Plus tard, la voiture est descendue de cette falaise et a parcouru ce paysage étrange, accidenté, magnifique,
jusqu'à un plateau où elle s'est arrêtée. De là, ils peuvent la voir, la mer ou ce qu'il en reste. Ils ont marché
longuement, pour s'en approcher, se sont enfoncés dans une vase nauséabonde et sont arrivés à une plage ocre et
blanche de coquillages minuscules et éblouissants. De petites vagues dérisoires viennent mourir sur cette grève putride.
Et comme une suprême ironie, le coucher du soleil qui répand sa lumière somptueuse sur cette eau comme il le fait
partout, au cap Sounion ou à la pointe du Finistère!
Bien des heures plus tard, le lendemain, et des cahots encore, ils sont arrivés à un village très loin de la mer, les
pêcheurs sans poissons sont là, cachés dans leurs maisons misérables, leurs bateaux rouillés abandonnés sur le sable
sont là, leur désespoir et leur résignation. Presque personne à voir, - que faire dehors quand des voyageurs arrivent,
s'arrêtent un moment avec l'idée folle de leur venir en aide?

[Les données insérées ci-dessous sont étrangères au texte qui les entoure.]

(* Let $n>2$ and $G_n=BS(1,n)=\langle a,b\mid bab^{-1}=a^n\rangle$. Then for every $k>0$, $G_n$ is not $k$-chordal with respect to the generating set $\{a,b\}$.
   Context: For a group $G$ with finite generating set $S$, $S^{\pm1}=S\cup S^{-1}\setminus\{e\}$. A relation $s_1\cdots s_n=e$ with $n>2$, $s_i\in S^{\pm1}$, is simple if $s_p\cdots s_q=e$ holds exactly when $(p,q)=(1,n)$. $G$ is $k$-chordal with respect to $S$ if for every simple relation $s_1\cdots s_n=e$ with $n\ge k$ there exist $1\le i<j\le n$ and $s'_1,\dots,s'_r\in S^{\pm1}$ with $s_i\cdots s_j=s'_1\cdots s'_r$ and $r\le\min\{j-i,\,n-j+i-2\}$ (equivalently, every cycle of length at least $k$ in $Cay(G,S)$ has a shortcut). *)

theory Defs
  imports Complex_Main "HOL-Algebra.Group" "HOL-Algebra.Generated_Groups"
begin

definition sym_gens :: "('a, 'b) monoid_scheme \<Rightarrow> 'a set \<Rightarrow> 'a set" where
  "sym_gens G S = (S \<union> m_inv G ` S) - {\<one>\<^bsub>G\<^esub>}"

definition word_prod :: "('a, 'b) monoid_scheme \<Rightarrow> 'a list \<Rightarrow> 'a" where
  "word_prod G ws = foldr (\<lambda>x y. x \<otimes>\<^bsub>G\<^esub> y) ws \<one>\<^bsub>G\<^esub>"

text \<open>The subword s_p ... s_q (1-based indices, p \<le> q).\<close>
definition subword :: "'a list \<Rightarrow> nat \<Rightarrow> nat \<Rightarrow> 'a list" where
  "subword ws p q = take (Suc q - p) (drop (p - 1) ws)"

definition simple_relation :: "('a, 'b) monoid_scheme \<Rightarrow> 'a set \<Rightarrow> 'a list \<Rightarrow> bool" where
  "simple_relation G S ws \<longleftrightarrow>
     length ws > 2 \<and> set ws \<subseteq> sym_gens G S \<and>
     (\<forall>p q. 1 \<le> p \<and> p \<le> q \<and> q \<le> length ws \<longrightarrow>
        (word_prod G (subword ws p q) = \<one>\<^bsub>G\<^esub> \<longleftrightarrow> (p = 1 \<and> q = length ws)))"

text \<open>Bounds are computed in int so that n - j + i - 2 is not truncated.\<close>
definition k_chordal :: "('a, 'b) monoid_scheme \<Rightarrow> 'a set \<Rightarrow> nat \<Rightarrow> bool" where
  "k_chordal G S k \<longleftrightarrow>
     (\<forall>ws. simple_relation G S ws \<and> length ws \<ge> k \<longrightarrow>
        (\<exists>i j ws'. 1 \<le> i \<and> i < j \<and> j \<le> length ws \<and> set ws' \<subseteq> sym_gens G S \<and>
            word_prod G (subword ws i j) = word_prod G ws' \<and>
            int (length ws') \<le> min (int j - int i) (int (length ws) - int j + int i - 2)))"

text \<open>Affine group of Q: (r,t) is the map x \<mapsto> r*x + t, product = composition.\<close>
definition affQ :: "(rat \<times> rat) monoid" where
  "affQ = \<lparr>carrier = {(r, t). r \<noteq> 0},
           monoid.mult = (\<lambda>(r1, t1) (r2, t2). (r1 * r2, r1 * t2 + t1)),
           one = (1, 0)\<rparr>"

definition bs_a :: "rat \<times> rat" where "bs_a = (1, 1)"
definition bs_b :: "nat \<Rightarrow> rat \<times> rat" where "bs_b n = (of_nat n, 0)"

text \<open>BS(1,n) realised faithfully as the subgroup of the affine group of Q generated by
  a : x \<mapsto> x + 1 and b : x \<mapsto> n x (indeed b a b^{-1} = a^n).\<close>
definition BS :: "nat \<Rightarrow> (rat \<times> rat) monoid" where
  "BS n = affQ\<lparr>carrier := generate affQ {bs_a, bs_b n}\<rparr>"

Il vaut mieux repartir qu'ajouter des sourires et des bonjours à leur honte de n'avoir rien, rien à montrer que leur
dénuement, rien à offrir aux étrangers alors que partout dans ce pays on est heureux de les faire entrer et de leur
préparer un bol de thé.
On a beau savoir que cette mer diminue depuis un siècle, que l'eau des deux fleuves qui l'alimentaient a été
détournée pour irriguer les champs de coton, qu'elle s'évapore joyeusement de tous les fossés, il reste que:
"Si tu comprends, les choses sont comme elles sont, si tu ne comprends pas, les choses sont comme elles sont."